In this paper, we have proposed two probabilistic approaches for clustering simultaneously the objects (rows) and the variables (columns) of a data matrix. In contrast to other approaches where, e.g., ANOVA models or information distances are considered (see, e.g., Bock [8, 10,11,12]), our approach considers situations where the characterization of object clusters is different from the characterization of clusters of variables. In Sect. 2 this has been illustrated for the case when object clusters are characterized by class-specific means while variable clusters are characterized by class-specific variances. Moreover, in Sect. 4 we have introduced co-clustering models where object clusters were defined by main effects, and variable clusters by their main effects and a class-specific factor that explains the variables via a class-specific regression. This latter model was suggested after analyzing, in Sect. 3, a clustering method for variables only (proposed by Vigneau & Qannari [43]) and formulating a corresponding probabilistic model from which our new model can be derived.

For both co-clustering models, we have proposed an appropriate generalized k-means algorithm that proceeds by successively updating model parameters and partitions. These methods can be modified into various ways, e.g., by discussing the initial settings and the order of partial optimization steps. In this respect, this paper does not provide final results and lends itself to various investigations in the future. Basically, our models should be seen as a prototype for approaches that combine clustering of objects and clustering of variables in a simultaneous, probability-based framework.

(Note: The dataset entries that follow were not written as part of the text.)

lemma set_pmf_moment_matching_pmf:
  assumes "n \<ge> 1" "p \<in> {0..central_binomial_prob n}"
  shows "set_pmf (moment_matching_pmf n p) \<subseteq> {- int n..int n}"
proof
  fix x
  assume "x \<in> set_pmf (moment_matching_pmf n p)"
  then have "moment_matching_weight n p x \<noteq> 0"
    by (simp add: set_pmf_eq pmf_moment_matching_pmf[OF assms])
  then show "x \<in> {- int n..int n}"
    using moment_matching_weight_eq_0[OF assms(1)] by blast
qed

lemma pmf_moment_matching_pmf_0:
  assumes "n \<ge> 1" "p \<in> {0..central_binomial_prob n}"
  shows "pmf (moment_matching_pmf n p) 0 = p"
  by (simp add: pmf_moment_matching_pmf[OF assms] moment_matching_weight_0)

lemma pmf_moment_matching_pmf_1_ge:
  assumes "n \<ge> 1" "p \<in> {0..central_binomial_prob n}"
  shows "pmf (moment_matching_pmf n p) 1 \<ge> 1/4"
  using moment_matching_weight_ge[OF assms(2), of 1] by (simp add: pmf_moment_matching_pmf[OF assms])

lemma pmf_moment_matching_pmf_uminus:
  assumes "n \<ge> 1" "p \<in> {0..central_binomial_prob n}"
  shows "pmf (moment_matching_pmf n p) (- x) = pmf (moment_matching_pmf n p) x"
  by (simp add: pmf_moment_matching_pmf[OF assms] moment_matching_weight_uminus)

lemma expectation_power_moment_matching_pmf:
  assumes "n \<ge> 1" "p \<in> {0..central_binomial_prob n}" "k < 2*n"
  shows "measure_pmf.expectation (moment_matching_pmf n p) (\<lambda>x. real_of_int x ^ k)
       = (\<Sum>x\<in>{- int n..int n}. real_of_int x ^ k * base_weight n x)"
proof -
  have "measure_pmf.expectation (moment_matching_pmf n p) (\<lambda>x. real_of_int x ^ k)
      = (\<Sum>x\<in>{- int n..int n}. real_of_int x ^ k * pmf (moment_matching_pmf n p) x)"
    using set_pmf_moment_matching_pmf[OF assms(1,2)] by (intro integral_measure_pmf_real) auto
  then show ?thesis
    by (simp add: pmf_moment_matching_pmf[OF assms(1,2)] sum_moment_matching_weight_power[OF assms(3)])
qed

theorem mainTheorem6:
  shows "\<exists>C c::real. C > 0 \<and> c > 0 \<and>
    (\<forall>K::nat. K \<ge> 1 \<longrightarrow>
      (\<exists>(\<alpha>::real) (\<beta>::real) (R::nat) (D::real \<Rightarrow> int pmf).
         0 \<le> \<alpha> \<and> \<alpha> < \<beta> \<and> \<beta> \<le> 1 \<and>
         real R \<le> C * (real K)^2 \<and>
         (\<forall>p\<in>{\<alpha>..\<beta>}. set_pmf (D p) \<subseteq> {- int R..int R}) \<and>
         (\<forall>p\<in>{\<alpha>..\<beta>}. pmf (D p) 0 = p \<and> pmf (D p) 1 \<ge> c) \<and>
         (\<forall>p\<in>{\<alpha>..\<beta>}. \<forall>X\<in>{1..int R}. pmf (D p) X = pmf (D p) (- X)) \<and>
         (\<forall>p\<in>{\<alpha>..\<beta>}. \<forall>q\<in>{\<alpha>..\<beta>}. \<forall>k\<in>{1..K}.
            measure_pmf.expectation (D p) (\<lambda>X. real_of_int X ^ k) =
            measure_pmf.expectation (D q) (\<lambda>X. real_of_int X ^ k))))"
proof (rule exI[of _ 1], rule exI[of _ "1/4"], intro conjI allI impI)
  fix K :: nat
  assume K: "K \<ge> 1"
  show "\<exists>\<alpha> \<beta> R D. 0 \<le> \<alpha> \<and> \<alpha> < \<beta> \<and> \<beta> \<le> 1 \<and> real R \<le> 1 * real K ^ 2 \<and>
         (\<forall>p\<in>{\<alpha>..\<beta>}. set_pmf (D p) \<subseteq> {- int R..int R}) \<and>
         (\<forall>p\<in>{\<alpha>..\<beta>}. pmf (D p) 0 = p \<and> pmf (D p) 1 \<ge> 1/4) \<and>
         (\<forall>p\<in>{\<alpha>..\<beta>}. \<forall>X\<in>{1..int R}. pmf (D p) X = pmf (D p) (- X)) \<and>
         (\<forall>p\<in>{\<alpha>..\<beta>}. \<forall>q\<in>{\<alpha>..\<beta>}. \<forall>k\<in>{1..K}.
            measure_pmf.expectation (D p) (\<lambda>X. real_of_int X ^ k) =
            measure_pmf.expectation (D q) (\<lambda>X. real_of_int X ^ k))"
  proof (rule exI[of _ 0], rule exI[of _ "central_binomial_prob K"], rule exI[of _ K],
      rule exI[of _ "moment_matching_pmf K"], intro conjI ballI)
    show "real K \<le> 1 * real K ^ 2"
      using K by (simp add: power2_eq_square)
  next
    fix p
    assume "p \<in> {0..central_binomial_prob K}"
    with K show "pmf (moment_matching_pmf K p) 1 \<ge> 1/4"
      by (rule pmf_moment_matching_pmf_1_ge)
  next
    fix p q k
    assume "p \<in> {0..central_binomial_prob K}" "q \<in> {0..central_binomial_prob K}" "k \<in> {1..K}"
    with K show "measure_pmf.expectation (moment_matching_pmf K p) (\<lambda>X. real_of_int X ^ k) =
        measure_pmf.expectation (moment_matching_pmf K q) (\<lambda>X. real_of_int X ^ k)"
      by (simp add: expectation_power_moment_matching_pmf)
  qed (use K in \<open>auto simp: central_binomial_prob_pos central_binomial_prob_le_1 set_pmf_moment_matching_pmf
        pmf_moment_matching_pmf_0 pmf_moment_matching_pmf_uminus\<close>)
qed simp_all

end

They can be extended to other two-parameter distributions, to the case of factor hyperplanes (involving higher principal components in each column class) and also to co-clustering models for three-way data similarly as in Bocci, Vicari, and Vichi [6], Schepers, Van Mechelen, and Ceulemans [37], Vichi, Rocci, and Kiers [42], or Wilderjans and Cariou [44], Wilderjans and Cariou [13].